Once a document becomes well-linked it accrues links at an increasing rate in part because idiots are easily convinced by the enthusiasm of other idiots. If idiot C learns that idiots A and B recommend a document, idiot C will also recommend the document.
I use the term “idiot” figuratively because linkage is created by people of all levels of knowledge and capacities of reason, down to those people who posses only the minimum knowledge and reasoning ability required to create hypertext links. Smarter people will follow the crowd, so that makes them no better than idiots.
To avoid being an idiot, you have to be a skeptic. In our Web universe, there are only two kinds of people: idiots who link to the first thing that tickles their fancy and skeptics who link only in the most discerning fashion possible. However, skepticism requires significanty more effort than unqualified enthusiasm. Hence, our Web universe is always populated by more idiots than skeptics and therefore the idiots’ will most often outvote the skeptics.
In other words, all you have to do is create the first Web document relevant to a hot topic, create visibility for that document, and then watch the links poor in. You won’t have to worry about quality as long as your quality is good enough to impress any idiot.
Link gravity develops around Web sites that become so popular they create their own network of satellite sites that benefit from being linked to by the popular sites.

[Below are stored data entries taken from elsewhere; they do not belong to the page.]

lemma ex_sat_cong:
  assumes "atoms phi \<subseteq> A" and "\<And>t. pi' t \<inter> A = pi t \<inter> A"
  shows "ex_sat phi pi' = ex_sat phi pi"
proof -
  have "trace_sat (prefix_of pi' k) phi = trace_sat (prefix_of pi k) phi" for k
    unfolding trace_sat_def
    by (rule sat_cong(1)[OF _ _ assms(1)]) (use assms(2) in \<open>auto simp: prefix_of_def simp del: upt_Suc\<close>)
  then show ?thesis by (simp add: ex_sat_def)
qed

(* Players are numerals; keep simp from rewriting player 1 to Suc 0. *)
declare One_nat_def [simp del]

lemma G_goal_simps:
  "G_goal phi p q 1 pi \<longleftrightarrow> ex_sat phi pi"
  "G_goal phi p q 2 pi \<longleftrightarrow> \<not> ex_sat phi pi"
  "G_goal phi p q 3 pi \<longleftrightarrow> ex_sat phi pi \<or> (p \<in> pi 0 \<longleftrightarrow> q \<in> pi 0)"
  "G_goal phi p q 4 pi \<longleftrightarrow> ex_sat phi pi \<or> \<not> (p \<in> pi 0 \<longleftrightarrow> q \<in> pi 0)"
  by (auto simp: G_goal_def ex_sat_def all_sat_def first_sat_def trace_sat_def iff_f_def)

lemma G_ctrl_simps [simp]:
  "G_ctrl X Y p q 1 = X" "G_ctrl X Y p q 2 = Y" "G_ctrl X Y p q 3 = {p}" "G_ctrl X Y p q 4 = {q}"
  by (simp_all add: G_ctrl_def)

lemma in_G_players [simp]: "1 \<in> G_players" "2 \<in> G_players" "3 \<in> G_players" "4 \<in> G_players"
  by (simp_all add: G_players_def)

lemma Union_G_ctrl [simp]: "\<Union>(G_ctrl X Y p q ` G_players) = X \<union> Y \<union> {p, q}"
  by (auto simp: G_players_def G_ctrl_def)

lemma play_G_players:
  "play G_players sg t = out (sg 1) (states G_players sg t 1) \<union> out (sg 2) (states G_players sg t 2)
     \<union> out (sg 3) (states G_players sg t 3) \<union> out (sg 4) (states G_players sg t 4)"
  by (auto simp: play_def G_players_def)

lemma play_duel:
  "play {1::nat, 2} sg t = out (sg 1) (states {1, 2} sg t 1) \<union> out (sg 2) (states {1, 2} sg t 2)"
  by (auto simp: play_def)

definition const_strat :: "'v set \<Rightarrow> 'v strat" where
  "const_strat V = \<lparr>St = {0}, init = 0, delta = \<lambda>_ _. 0, out = \<lambda>_. V\<rparr>"

lemma out_const_strat [simp]: "out (const_strat V) x = V"
  by (simp add: const_strat_def)

lemma valid_const_strat: "V \<subseteq> C \<Longrightarrow> valid_strat Phi C (const_strat V)"
  by (simp add: const_strat_def valid_strat_def)

definition restrict_input :: "'v set \<Rightarrow> 'v strat \<Rightarrow> 'v strat" where
  "restrict_input A s = s\<lparr>delta := \<lambda>x v. delta s x (v \<inter> A)\<rparr>"

lemma restrict_input_simps [simp]:
  "St (restrict_input A s) = St s"
  "init (restrict_input A s) = init s"
  "delta (restrict_input A s) x v = delta s x (v \<inter> A)"
  "out (restrict_input A s) = out s"
  by (simp_all add: restrict_input_def)

lemma valid_restrict_input: "valid_strat A C s \<Longrightarrow> valid_strat Phi C (restrict_input A s)"
  by (simp add: valid_strat_def)

lemma valid_strat_mono: "valid_strat Phi C s \<Longrightarrow> A \<subseteq> Phi \<Longrightarrow> valid_strat A C s"
  unfolding valid_strat_def by blast

definition triple_encode :: "nat \<times> nat \<times> nat \<Rightarrow> nat" where
  "triple_encode x = prod_encode (fst x, prod_encode (snd x))"

definition triple_decode :: "nat \<Rightarrow> nat \<times> nat \<times> nat" where
  "triple_decode n = (fst (prod_decode n), prod_decode (snd (prod_decode n)))"

lemma triple_encode_inverse [simp]: "triple_decode (triple_encode x) = x"
  by (simp add: triple_encode_def triple_decode_def)

(* A single player simulating s1, s3 and s4: it does not observe the moves of s3 and s4 in the
   two-player game, so it recomputes them from their simulated states. *)
definition coalition_strat :: "'v strat \<Rightarrow> 'v strat \<Rightarrow> 'v strat \<Rightarrow> 'v strat" where
  "coalition_strat s1 s3 s4 =
     \<lparr>St = triple_encode ` (St s1 \<times> St s3 \<times> St s4),
      init = triple_encode (init s1, init s3, init s4),
      delta = \<lambda>n v. (case triple_decode n of (a, b, c) \<Rightarrow>
                 let w = v \<union> out s3 b \<union> out s4 c
                 in triple_encode (delta s1 a w, delta s3 b w, delta s4 c w)),
      out = \<lambda>n. out s1 (fst (triple_decode n))\<rparr>"

lemma coalition_strat_simps [simp]:
  "St (coalition_strat s1 s3 s4) = triple_encode ` (St s1 \<times> St s3 \<times> St s4)"
  "init (coalition_strat s1 s3 s4) = triple_encode (init s1, init s3, init s4)"
  "delta (coalition_strat s1 s3 s4) (triple_encode (a, b, c)) v =
     (let w = v \<union> out s3 b \<union> out s4 c in triple_encode (delta s1 a w, delta s3 b w, delta s4 c w))"
  "out (coalition_strat s1 s3 s4) (triple_encode (a, b, c)) = out s1 a"
  by (simp_all add: coalition_strat_def)

lemma valid_stratD:
  assumes "valid_strat Phi C s" and "x \<in> St s"
  shows "v \<subseteq> Phi \<Longrightarrow> delta s x v \<in> St s" and "out s x \<subseteq> C"
  using assms unfolding valid_strat_def by blast+

lemma valid_coalition_strat:
  assumes v1: "valid_strat Phi C1 s1" and v3: "valid_strat Phi C3 s3" and v4: "valid_strat Phi C4 s4"
    and "A \<union> C3 \<union> C4 \<subseteq> Phi"
  shows "valid_strat A C1 (coalition_strat s1 s3 s4)"
  unfolding valid_strat_def
proof (intro conjI ballI allI impI)
  show "finite (St (coalition_strat s1 s3 s4))"
    and "init (coalition_strat s1 s3 s4) \<in> St (coalition_strat s1 s3 s4)"
    using v1 v3 v4 by (simp_all add: valid_strat_def)
next
  fix n v assume "n \<in> St (coalition_strat s1 s3 s4)" and "v \<subseteq> A"
  then obtain a b c where n: "n = triple_encode (a, b, c)"
    and abc: "a \<in> St s1" "b \<in> St s3" "c \<in> St s4"
    by auto
  have "v \<union> out s3 b \<union> out s4 c \<subseteq> Phi"
    using \<open>v \<subseteq> A\<close> valid_stratD(2)[OF v3 abc(2)] valid_stratD(2)[OF v4 abc(3)] assms(4) by blast
  then show "delta (coalition_strat s1 s3 s4) n v \<in> St (coalition_strat s1 s3 s4)"
    using n valid_stratD(1)[OF v1 abc(1)] valid_stratD(1)[OF v3 abc(2)] valid_stratD(1)[OF v4 abc(3)]
    by (simp add: Let_def)
next
  fix n assume "n \<in> St (coalition_strat s1 s3 s4)"
  then show "out (coalition_strat s1 s3 s4) n \<subseteq> C1"
    using valid_stratD(2)[OF v1] by fastforce
qed

lemma play_G_players_eq_duel:
  assumes vx: "valid_strat (X \<union> Y) X sx" and vy: "valid_strat (X \<union> Y) Y sy"
    and sg: "sg 1 = restrict_input (X \<union> Y) sx" "sg 2 = sy" "sg 3 = const_strat {}" "sg 4 = const_strat {}"
  shows "play G_players sg = play {1, 2} (\<lambda>i::nat. if i = 1 then sx else sy)"
proof -
  let ?duel = "\<lambda>i::nat. if i = 1 then sx else sy"
  have "\<Union>((\<lambda>i::nat. if i = 1 then X else Y) ` {1, 2}) = X \<union> Y"
    by auto
  then have "\<forall>i\<in>{1::nat, 2}. valid_strat (\<Union>((\<lambda>i::nat. if i = 1 then X else Y) ` {1, 2}))
          (if i = 1 then X else Y) (?duel i)"
    using vx vy by simp
  from play_subset[OF this] have duel_XY: "play {1, 2} ?duel t \<subseteq> X \<union> Y" for t
    by auto
  have play_eq: "play G_players sg t = play {1, 2} ?duel t"
    if "states G_players sg t 1 = states {1, 2} ?duel t 1"
      and "states G_players sg t 2 = states {1, 2} ?duel t 2" for t
    using that sg by (simp add: play_G_players play_duel)
  have "states G_players sg t 1 = states {1, 2} ?duel t 1 \<and> states G_players sg t 2 = states {1, 2} ?duel t 2" for t
  proof (induction t)
    case 0
    then show ?case using sg by simp
  next
    case (Suc t)
    then have "play G_players sg t \<inter> (X \<union> Y) = play {1, 2} ?duel t"
      using play_eq duel_XY by blast
    with Suc sg show ?case
      by (simp add: states_Suc play_eq)
  qed
  then show ?thesis using play_eq by blast
qed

These satellite sites tend to reinforce the main linking site, driving more links to the main site. It’s as much like the formation of a star system complete with sun and planets.
The larger the system of Web documents, the more outside Web documents will link to it because its increasing visibility gives the system greater link mass. When you reached a sufficient link mass, however, something interesting happens: the community fragments and splits up into smaller communities.
Now the process begins all over again in a dozen communities because each of the old satellite sites now has its own little community of satellite sites.
The fact that pages of very high quality do occasionally appear in no way impacts the principles I’ve outlined here. Truly high quality content may attract a lot of links or it may go largely unnoticed.
Call that the Wikipedia Effect, where a Web site of very questionable value has accrued extensive link mass thanks to the votes of many idiots who did not know better. Better, more accurate/informative documents are challenged to meet the standard for “authority” set by the earlier page.
I’ll come back to this another time.